В.В. Розанов
50-летие кончины Гоголя

На главную

Произведения В.В. Розанова


Сегодня на всей России пройдет возбудительным током воспоминание о Гоголе. И невозможно исчислить статей, стихов, отзывов, мнений, какие публично и частно будут соединены с дорогим и великим именем! Из всенародных апофеозов, какие мы два раза видели относительно Пушкина и сегодня в первый раз увидим относительно Гоголя, можно заключить, до чего выросло значение в России литературы, какая это огромная и любимая, всех свободно покоряющая себе, сила. Общество может венчать только вершины какой-нибудь области. Но если у нас есть и увенчан Суворов, значит, любимая и нужна армия; если так увенчиваются Пушкин и Гоголь, то частичка венка их славы лежит и на голове каждого писателя! Будем это помнить и стараться это оправдать, заслужить...

Пушкин читаем, любим и понимаем. Гоголь читаем, любим, но понимаем гораздо менее, нежели Пушкин. Пятьдесят лет со дня его кончины мы все еще разрабатываем собственно одну половину Гоголя и далеки от того, чтобы подняться головою до головы великого писателя и охватить сердцем и умом всего его, всю его могучую и загадочную личность, все его творения, и оконченные и неоконченные. И критика, и биография Гоголя стоят гораздо ниже его личности, кончаются около его ног. И одна и другая увлечены впечатлением читателей и представляют литературную обработку этих впечатлений. Полного слова о Гоголе мы не имеем.

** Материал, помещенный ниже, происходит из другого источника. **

lemma matching_disjoint: "matching E M \<Longrightarrow> e \<in> M \<Longrightarrow> f \<in> M \<Longrightarrow> e \<noteq> f \<Longrightarrow> e \<inter> f = {}"
  unfolding matching_def by blast

lemma matching_singleton: "e \<in> E \<Longrightarrow> matching E {e}"
  unfolding matching_def by blast

lemma card_le_nu0:
  fixes E :: "('v::finite) set set"
  assumes "restricted_matching E R"
  shows "card R \<le> nu0 E"
proof -
  have "{card M |M. restricted_matching E M} \<subseteq> {..card (UNIV :: 'v set set)}"
    by (auto intro: card_mono)
  then have "finite (insert 0 {card M |M. restricted_matching E M})"
    using finite_subset by blast
  then show ?thesis
    unfolding nu0_def by (rule Max_ge) (use assms in blast)
qed

lemma gap_sym: "gap E e f \<Longrightarrow> gap E f e"
  unfolding gap_def by (auto simp: Int_commute) (metis insert_commute)

lemma edge_eq_doubleton:
  assumes "simple_graph E" "e \<in> E" "x \<in> e"
  obtains y where "y \<noteq> x" "e = {x, y}"
proof -
  obtain a b where "a \<noteq> b" "e = {a, b}"
    using assms(1,2) unfolding simple_graph_def by (meson card_2_iff)
  then show ?thesis using that assms(3) by (metis insert_commute insert_iff singleton_iff)
qed

lemma exchange_step_matchings:
  assumes "matching E M" "card M = k" "matching E M'" "card M' = k" "\<Union>M \<subseteq> V" "\<Union>M' \<subseteq> V"
    and "a \<in> \<Union>M" "b \<notin> \<Union>M" "\<Union>M' = insert b (\<Union>M - {a})"
  shows "exchange_step {U \<in> matching_vertex_sets E k. U \<subseteq> V} (\<Union>M) (\<Union>M')"
  unfolding exchange_step_def matching_vertex_sets_def using assms by blast

text \<open>Compared lexicographically, by the order of \<open>Product_Lexorder\<close>.\<close>

definition matching_dist :: "'a set set \<Rightarrow> 'a set set \<Rightarrow> nat \<times> nat" where
  "matching_dist M N = (card (\<Union>M - \<Union>N), card (M - N))"

lemma matching_dist_less_vertices:
  fixes M :: "('a::finite) set set"
  shows "\<Union>M' - \<Union>N \<subset> \<Union>M - \<Union>N \<Longrightarrow> matching_dist M' N < matching_dist M N"
  unfolding matching_dist_def by (simp add: psubset_card_mono)

lemma matching_dist_less_edges:
  fixes M :: "('a::finite) set set"
  shows "\<Union>M' - \<Union>N \<subseteq> \<Union>M - \<Union>N \<Longrightarrow> M' - N \<subset> M - N \<Longrightarrow> matching_dist M' N < matching_dist M N"
  unfolding matching_dist_def by (simp add: psubset_card_mono card_mono)

text \<open>The exchange path stays inside \<open>V(M) \<union> V(N)\<close>, hence below every \<open>W\<close> containing both.\<close>

definition moves_closer :: "'v set set \<Rightarrow> nat \<Rightarrow> 'v set set \<Rightarrow> 'v set set \<Rightarrow> bool" where
  "moves_closer E k M N \<longleftrightarrow> (\<exists>M'. matching E M' \<and> card M' = k \<and>
     (exchange_step {U \<in> matching_vertex_sets E k. U \<subseteq> \<Union>M \<union> \<Union>N})\<^sup>*\<^sup>* (\<Union>M) (\<Union>M') \<and>
     matching_dist M' N < matching_dist M N)"

context
  fixes E :: "('v::finite) set set" and k :: nat
  assumes simple: "simple_graph E"
begin

lemma edge_nonempty: "e \<in> E \<Longrightarrow> e \<noteq> {}"
  using simple unfolding simple_graph_def by fastforce

lemma card_Union_matching: "matching E M \<Longrightarrow> card (\<Union>M) = 2 * card M"
proof -
  assume M: "matching E M"
  then have "card (\<Union>M) = (\<Sum>e\<in>M. card e)"
    by (intro card_Union_disjoint) (auto simp: matching_def pairwise_def disjnt_def)
  also have "\<dots> = 2 * card M"
    using M simple unfolding matching_def simple_graph_def by (simp add: subset_eq)
  finally show ?thesis .
qed

lemma matching_dist_sym:
  assumes "matching E M" "card M = k" "matching E N" "card N = k"
  shows "matching_dist M N = matching_dist N M"
proof -
  have "card (\<Union>M) = card (\<Union>N)" using assms card_Union_matching by simp
  then show ?thesis
    unfolding matching_dist_def using assms by (simp add: card_Diff_subset_Int Int_commute)
qed

lemma no_two_gaps:
  assumes "nu0 E \<le> 2" "gap E e f" "gap E e h" "f \<inter> h = {}"
  shows False
proof -
  have "e \<in> E" "f \<in> E" "h \<in> E" "e \<inter> f = {}" "e \<inter> h = {}"
    using assms unfolding gap_def by auto
  then have distinct: "e \<noteq> f" "e \<noteq> h" "f \<noteq> h"
    using assms(4) edge_nonempty by auto
  have "restricted_matching E {e, f, h}"
    unfolding restricted_matching_def matching_def
    using assms \<open>e \<in> E\<close> \<open>f \<in> E\<close> \<open>h \<in> E\<close> \<open>e \<inter> f = {}\<close> \<open>e \<inter> h = {}\<close> distinct
    by (auto simp: Int_commute)
  then have "card {e, f, h} \<le> nu0 E" by (rule card_le_nu0)
  then show False using distinct assms(1) by simp
qed

lemma matching_replace:
  assumes M: "matching E M" and R: "R \<subseteq> M" and R': "matching E R'" "card R' = card R"
    and disj: "\<Union>R' \<inter> (\<Union>M - \<Union>R) = {}"
  shows "matching E ((M - R) \<union> R')" "card ((M - R) \<union> R') = card M"
    "\<Union>((M - R) \<union> R') = (\<Union>M - \<Union>R) \<union> \<Union>R'"
proof -
  note disjM = matching_disjoint [OF M] and disjR' = matching_disjoint [OF R'(1)]
  have "x \<notin> \<Union>R" if "x \<in> f" "f \<in> M - R" for x f
  proof
    assume "x \<in> \<Union>R"
    then obtain g where "g \<in> R" "x \<in> g" by blast
    then show False using disjM[of f g] that R by blast
  qed
  then have kept: "\<Union>(M - R) = \<Union>M - \<Union>R" by blast
  have cross: "f \<inter> g = {}" "g \<inter> f = {}" if "f \<in> M - R" "g \<in> R'" for f g
  proof -
    have "f \<subseteq> \<Union>M - \<Union>R" "g \<subseteq> \<Union>R'" using that kept by blast+
    then show "f \<inter> g = {}" "g \<inter> f = {}" using disj by blast+
  qed
  have "f \<inter> g = {}" if "f \<in> (M - R) \<union> R'" "g \<in> (M - R) \<union> R'" "f \<noteq> g" for f g
    using that disjM disjR' cross by (elim UnE) auto
  moreover have "(M - R) \<union> R' \<subseteq> E"
    using M R' matching_subset by blast
  ultimately show "matching E ((M - R) \<union> R')"
    unfolding matching_def by blast
  have "(M - R) \<inter> R' = {}"
  proof (rule ccontr)
    assume "(M - R) \<inter> R' \<noteq> {}"
    then obtain f where "f \<in> M - R" "f \<in> R'" by blast
    then have "f = {}" using cross by blast
    moreover have "f \<in> E" using \<open>f \<in> R'\<close> R' matching_subset by blast
    ultimately show False using edge_nonempty by blast
  qed
  then show "card ((M - R) \<union> R') = card M"
    using R R' by (simp add: card_Un_disjoint card_Diff_subset card_mono)
  show "\<Union>((M - R) \<union> R') = (\<Union>M - \<Union>R) \<union> \<Union>R'"
    using kept by blast
qed

lemma swap_moves_closer:
  assumes M: "matching E M" "card M = k" and N: "matching E N" "card N = k"
    and e: "e \<in> M" "e \<notin> N" "e = {a, a'}" "a \<noteq> a'"
    and g: "{a', c} \<in> N" "c \<notin> \<Union>M"
  shows "moves_closer E k M N"
proof -
  define M' where "M' = (M - {e}) \<union> {{a', c}}"
  have "{a', c} \<in> E" using N g matching_subset by blast
  moreover have "\<Union>{{a', c}} \<inter> (\<Union>M - \<Union>{e}) = {}" using e g by auto
  ultimately have M': "matching E M'" "card M' = card M" "\<Union>M' = (\<Union>M - e) \<union> {a', c}"
    using matching_replace[OF M(1), of "{e}" "{{a', c}}"] e(1) matching_singleton
    unfolding M'_def by auto
  have "a' \<in> \<Union>M" "c \<in> \<Union>N" using e g by blast+
  then have U: "\<Union>M' = insert c (\<Union>M - {a})" using M'(3) e by auto
  have "exchange_step {U \<in> matching_vertex_sets E k. U \<subseteq> \<Union>M \<union> \<Union>N} (\<Union>M) (\<Union>M')"
    by (rule exchange_step_matchings [where a = a and b = c]) (use M M' U e g \<open>c \<in> \<Union>N\<close> in auto)
  moreover have "matching_dist M' N < matching_dist M N"
  proof (rule matching_dist_less_edges)
    show "\<Union>M' - \<Union>N \<subseteq> \<Union>M - \<Union>N" unfolding U using \<open>c \<in> \<Union>N\<close> by blast
    show "M' - N \<subset> M - N" using e g unfolding M'_def by blast
  qed
  ultimately show ?thesis
    unfolding moves_closer_def using M M' by auto
qed

lemma shared_vertex_moves_closer:
  assumes M: "matching E M" "card M = k" and N: "matching E N" "card N = k"
    and e: "e \<in> M" "a \<in> e" "a \<notin> \<Union>N" and meet: "e \<inter> \<Union>N \<noteq> {}"
  shows "moves_closer E k M N \<or> moves_closer E k N M"
proof -
  obtain a' where a': "a' \<noteq> a" "e = {a, a'}"
    using edge_eq_doubleton[OF simple matching_subset[OF M(1) e(1)] e(2)] by blast
  then have "a' \<in> \<Union>N" using meet e(3) by auto
  then obtain g where g: "g \<in> N" "a' \<in> g" by blast
  obtain c where c: "c \<noteq> a'" "g = {a', c}"
    using edge_eq_doubleton[OF simple matching_subset[OF N(1) g(1)] g(2)] by blast
  have "e \<notin> N" using e by blast
  show ?thesis
  proof (cases "c \<in> \<Union>M")
    case False
    then have "moves_closer E k M N"
      using swap_moves_closer[OF M N e(1) \<open>e \<notin> N\<close> a'(2)] a'(1) g c by auto
    then show ?thesis ..
  next
    case True
    have "g \<noteq> e" using g \<open>e \<notin> N\<close> by blast
    then have "g \<notin> M" using matching_disjoint[OF M(1) _ e(1)] g(2) a'(2) by blast
    moreover have "{a', a} \<in> M" using e(1) a'(2) by (simp add: insert_commute)
    ultimately have "moves_closer E k N M"
      using swap_moves_closer[OF N M g(1), of c a' a] c True e(3) by (auto simp: insert_commute)
    then show ?thesis ..
  qed
qed

lemma adjacent_moves_closer:
  assumes M: "matching E M" "card M = k" and N: "matching E N" "card N = k"
    and e: "e \<in> M" "e \<inter> \<Union>N = {}" "y \<in> e"
    and z: "z \<in> \<Union>N" "z \<notin> \<Union>M" and adj: "{y, z} \<in> E"
  shows "moves_closer E k M N"
proof -
  obtain y' where y': "y' \<noteq> y" "e = {y, y'}"
    using edge_eq_doubleton[OF simple matching_subset[OF M(1) e(1)] e(3)] by blast
  define M' where "M' = (M - {e}) \<union> {{y, z}}"
  have "\<Union>{{y, z}} \<inter> (\<Union>M - \<Union>{e}) = {}" using y' z by auto
  then have M': "matching E M'" "card M' = card M" "\<Union>M' = (\<Union>M - e) \<union> {y, z}"
    using matching_replace[OF M(1), of "{e}" "{{y, z}}"] e(1) matching_singleton[OF adj]
    unfolding M'_def by auto
  have "y \<in> \<Union>M" "y' \<in> \<Union>M - \<Union>N" using e y' by auto
  then have U: "\<Union>M' = insert z (\<Union>M - {y'})" using M'(3) y' by auto
  have "exchange_step {U \<in> matching_vertex_sets E k. U \<subseteq> \<Union>M \<union> \<Union>N} (\<Union>M) (\<Union>M')"
    by (rule exchange_step_matchings [where a = y' and b = z]) (use M M' U z \<open>y' \<in> \<Union>M - \<Union>N\<close> in auto)
  moreover have "matching_dist M' N < matching_dist M N"
    by (rule matching_dist_less_vertices) (use U z \<open>y' \<in> \<Union>M - \<Union>N\<close> in auto)
  ultimately show ?thesis
    unfolding moves_closer_def using M M' by auto
qed

lemma two_neighbours_moves_closer:
  assumes M: "matching E M" "card M = k" and N: "matching E N" "card N = k"
    and e: "e \<in> M" "e \<inter> \<Union>N = {}" "e = {p, y}" "p \<noteq> y"
    and h: "h \<in> M" "h \<noteq> e" "h = {q, q'}" "q \<noteq> q'"
    and p': "p' \<in> \<Union>N" "p' \<notin> \<Union>M"
    and adj: "{p, q} \<in> E" "{p', q'} \<in> E"
  shows "moves_closer E k M N"
proof -
  have "e \<inter> h = {}" using matching_disjoint[OF M(1) e(1) h(1)] h(2) by blast
  then have distinct: "p \<noteq> q" "p \<noteq> q'" "y \<noteq> q" "y \<noteq> q'" "p' \<noteq> p" "p' \<noteq> q" "p' \<noteq> q'"
    using e h p' by auto
  define M2 where "M2 = (M - {e, h}) \<union> {{p, q}, {p', q'}}"
  have "{p, q} \<noteq> {p', q'}" using distinct by (auto simp: doubleton_eq_iff)
  then have "card {{p, q}, {p', q'}} = card {e, h}" using h(2) by simp
  moreover have "matching E {{p, q}, {p', q'}}"
    using adj distinct h(4) unfolding matching_def by auto
  moreover have "\<Union>{{p, q}, {p', q'}} \<inter> (\<Union>M - \<Union>{e, h}) = {}" using e h p' by auto
  ultimately have M2: "matching E M2" "card M2 = card M" "\<Union>M2 = (\<Union>M - (e \<union> h)) \<union> {p, q, p', q'}"
    using matching_replace[OF M(1), of "{e, h}" "{{p, q}, {p', q'}}"] e(1) h(1)
    unfolding M2_def by auto
  have "e \<subseteq> \<Union>M" "h \<subseteq> \<Union>M" "y \<in> \<Union>M - \<Union>N" using e h by auto
  then have U: "\<Union>M2 = insert p' (\<Union>M - {y})" using M2(3) e h distinct by auto
  have "exchange_step {U \<in> matching_vertex_sets E k. U \<subseteq> \<Union>M \<union> \<Union>N} (\<Union>M) (\<Union>M2)"
    by (rule exchange_step_matchings [where a = y and b = p']) (use M M2 U p' \<open>y \<in> \<Union>M - \<Union>N\<close> in auto)
  moreover have "matching_dist M2 N < matching_dist M N"
    by (rule matching_dist_less_vertices) (use U p' \<open>y \<in> \<Union>M - \<Union>N\<close> in auto)
  ultimately show ?thesis
    unfolding moves_closer_def using M M2 by auto
qed
(* Let $D=\{x\in X : \langle a,x\rangle=\beta\}$ with $X=[\alpha'_1,\alpha''_1]\times\cdots\times[\alpha'_n,\alpha''_n]$, where $\alpha'_i<\alpha''_i$ are finite, $a=(a_1,\dots,a_n)^\top$ has $a_i>0$ for all $i\in I=\{1,\dots,n\}$, $\beta\in\mathbb{R}$, and $D\neq\varnothing$. Let $f:\mathbb{R}^n\to\mathbb{R}$ be locally Lipschitz on $X$. Then for a point $x^*$ the following are equivalent: (1) $x^*\in D$ and there exists $g^*\in\partial^{\uparrow}f(x^* )$ such that $\langle g^*,x-x^*\rangle\ge 0$ for all $x\in D$ (i.e. $x^*$ solves the variational inequality (VI)); (2) $x^*\in D$ and there exist $g^*\in\partial^{\uparrow}f(x^* )$ and $\lambda\in\mathbb{R}$ such that $\langle g^*-\lambda a,x-x^*\rangle\ge0$ for all $x\in X$; (3) $x^*\in D$ and there exist $g^*\in\partial^{\uparrow}f(x^* )$ and $\lambda\in\mathbb{R}$ such that for each $i\in I$: $(1/a_i)g^*_i\ge\lambda$ if $x^*_i=\alpha'_i$; $(1/a_i)g^*_i=\lambda$ if $x^*_i\in(\alpha'_i,\alpha''_i)$; $(1/a_i)g^*_i\le\lambda$ if $x^*_i=\alpha''_i$; (4) $x^*\in D$ and there exists $g^*\in\partial^{\uparrow}f(x^* )$ such that for all $i,j\in I$, $i\ne j$: if $(1/a_i)g^*_i>(1/a_j)g^*_j$ then $x^*_i=\alpha'_i$ or $x^*_j=\alpha''_j$; (5) $x^*\in D$ and there exists $g^*\in\partial^{\uparrow}f(x^* )$ such that for all $i,j\in I$, $i\neq j$: if $x^*_i\in(\alpha'_i,\alpha''_i]$ and $x^*_j\in[\alpha'_j,\alpha''_j)$ then $(1/a_i)g^*_i\le(1/a_j)g^*_j$.
   Context: For $f$ Lipschitz continuous near $x$, the upper Clarke–Rockafellar derivative is $f^{\uparrow}(x;p)=\limsup_{y\to x,\ \alpha\searrow0}(f(y+\alpha p)-f(y))/\alpha$, and the (Clarke) generalized gradient is $\partial^{\uparrow}f(x)=\{g\in\mathbb{R}^n:\langle g,p\rangle\le f^{\uparrow}(x;p)\ \forall p\in\mathbb{R}^n\}$, a nonempty convex compact set. *)

theory Defs
  imports "HOL-Analysis.Analysis"
begin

Гоголь — сатирик, Гоголь — отрицатель закрыл собою все. Не станем отрицать и не хотим ограничивать этого приговора. Пятьдесят лет одинакового впечатления что-нибудь значит. Но полно ли оно? Аристофан был сатирик. Свифт имел бич, белее беспощадный, чем гоголевский; Теккерея Европа признала сатириком. Достаточно назвать эти имена, чтобы чуткий читатель почувствовал, до чего Гоголь не умещается в ряд их не только как им равный, но и как на них похожий. Гоголь ничего почти родного не имеет себе в мизантропе Свифте, шутнике Аристофане, рассказчике Теккерее. Угрюмо оглянувшись на них, наш Гоголь отошел в сторону. А все мы, отнюдь не по национальному чувству, тоже отделились бы от ряда их, и пошли бы за нашим Гоголем. Но в чем же его секрет и особенность, при столь бесспорном характере сатиричности его творений? В его безмерной положительности, плоде безмерной любви к родной стране и вере в родную страну! Никто столь смешно не изобразил Россию. Соглашаемся с этим. Но отвергнет ли кто, что ни один писатель, включая Пушкина, Тургенева и Толстого, не сказал о России и, напр., о русском языке, о русском нраве, о душе русской и вере русской таких любящих слов, проникновенных, дальнозорких, надеющихся, как Гоголь? Известные слова Тургенева о русском языке: "Берегите его" и т.д. не проникнуты такой любовью, как слова Гоголя о меткости русского слова и характерности его, и именно в связи с душою русскою, из которой исходит это слово. В отзыве Гоголя больше понимания русского слова, а главное — больше любви и уважения к могуществу души и ума русского человека.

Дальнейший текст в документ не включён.